Are you able to retype all the records below exactly?

Stored records
>>>>
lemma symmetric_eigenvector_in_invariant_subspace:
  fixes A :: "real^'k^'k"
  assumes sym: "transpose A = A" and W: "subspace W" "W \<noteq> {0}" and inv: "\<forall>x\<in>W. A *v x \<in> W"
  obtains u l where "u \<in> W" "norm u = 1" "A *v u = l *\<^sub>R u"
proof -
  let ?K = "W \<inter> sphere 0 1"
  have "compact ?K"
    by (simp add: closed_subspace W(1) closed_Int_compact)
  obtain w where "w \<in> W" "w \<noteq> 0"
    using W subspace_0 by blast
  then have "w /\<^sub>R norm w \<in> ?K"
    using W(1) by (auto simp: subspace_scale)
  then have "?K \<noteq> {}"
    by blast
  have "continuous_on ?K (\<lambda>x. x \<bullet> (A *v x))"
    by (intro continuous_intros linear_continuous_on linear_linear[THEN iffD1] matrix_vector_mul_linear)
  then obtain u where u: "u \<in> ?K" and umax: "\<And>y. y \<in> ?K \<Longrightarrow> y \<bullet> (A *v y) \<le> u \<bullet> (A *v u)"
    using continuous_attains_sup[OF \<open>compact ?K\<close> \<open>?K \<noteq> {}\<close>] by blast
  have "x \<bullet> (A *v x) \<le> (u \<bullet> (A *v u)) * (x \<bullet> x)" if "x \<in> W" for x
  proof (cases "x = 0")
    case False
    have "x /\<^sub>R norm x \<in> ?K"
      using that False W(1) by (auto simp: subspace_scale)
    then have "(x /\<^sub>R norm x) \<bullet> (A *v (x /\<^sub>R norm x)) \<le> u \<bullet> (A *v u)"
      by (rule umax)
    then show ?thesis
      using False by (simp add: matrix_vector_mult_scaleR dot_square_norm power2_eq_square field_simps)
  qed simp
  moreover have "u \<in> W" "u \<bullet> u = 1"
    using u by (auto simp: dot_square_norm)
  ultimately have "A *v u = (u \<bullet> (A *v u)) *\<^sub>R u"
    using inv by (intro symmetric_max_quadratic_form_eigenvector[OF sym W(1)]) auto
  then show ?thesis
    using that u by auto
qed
<<<<
Final answer:
lemma symmetric_eigenvector_in_invariant_subspace:
  fixes A :: "real^'k^'k"
  assumes sym: "transpose A = A" and W: "subspace W" "W \<noteq> {0}" and inv: "\<forall>x\<in>W. A *v x \<in> W"
  obtains u l where "u \<in> W" "norm u = 1" "A *v u = l *\<^sub>R u"
proof -
  let ?K = "W \<inter> sphere 0 1"
  have "compact ?K"
    by (simp add: closed_subspace W(1) closed_Int_compact)
  obtain w where "w \<in> W" "w \<noteq> 0"
    using W subspace_0 by blast
  then have "w /\<^sub>R norm w \<in> ?K"
    using W(1) by (auto simp: subspace_scale)
  then have "?K \<noteq> {}"
    by blast
  have "continuous_on ?K (\<lambda>x. x \<bullet> (A *v x))"
    by (intro continuous_intros linear_continuous_on linear_linear[THEN iffD1] matrix_vector_mul_linear)
  then obtain u where u: "u \<in> ?K" and umax: "\<And>y. y \<in> ?K \<Longrightarrow> y \<bullet> (A *v y) \<le> u \<bullet> (A *v u)"
    using continuous_attains_sup[OF \<open>compact ?K\<close> \<open>?K \<noteq> {}\<close>] by blast
  have "x \<bullet> (A *v x) \<le> (u \<bullet> (A *v u)) * (x \<bullet> x)" if "x \<in> W" for x
  proof (cases "x = 0")
    case False
    have "x /\<^sub>R norm x \<in> ?K"
      using that False W(1) by (auto simp: subspace_scale)
    then have "(x /\<^sub>R norm x) \<bullet> (A *v (x /\<^sub>R norm x)) \<le> u \<bullet> (A *v u)"
      by (rule umax)
    then show ?thesis
      using False by (simp add: matrix_vector_mult_scaleR dot_square_norm power2_eq_square field_simps)
  qed simp
  moreover have "u \<in> W" "u \<bullet> u = 1"
    using u by (auto simp: dot_square_norm)
  ultimately have "A *v u = (u \<bullet> (A *v u)) *\<^sub>R u"
    using inv by (intro symmetric_max_quadratic_form_eigenvector[OF sym W(1)]) auto
  then show ?thesis
    using that u by auto
qed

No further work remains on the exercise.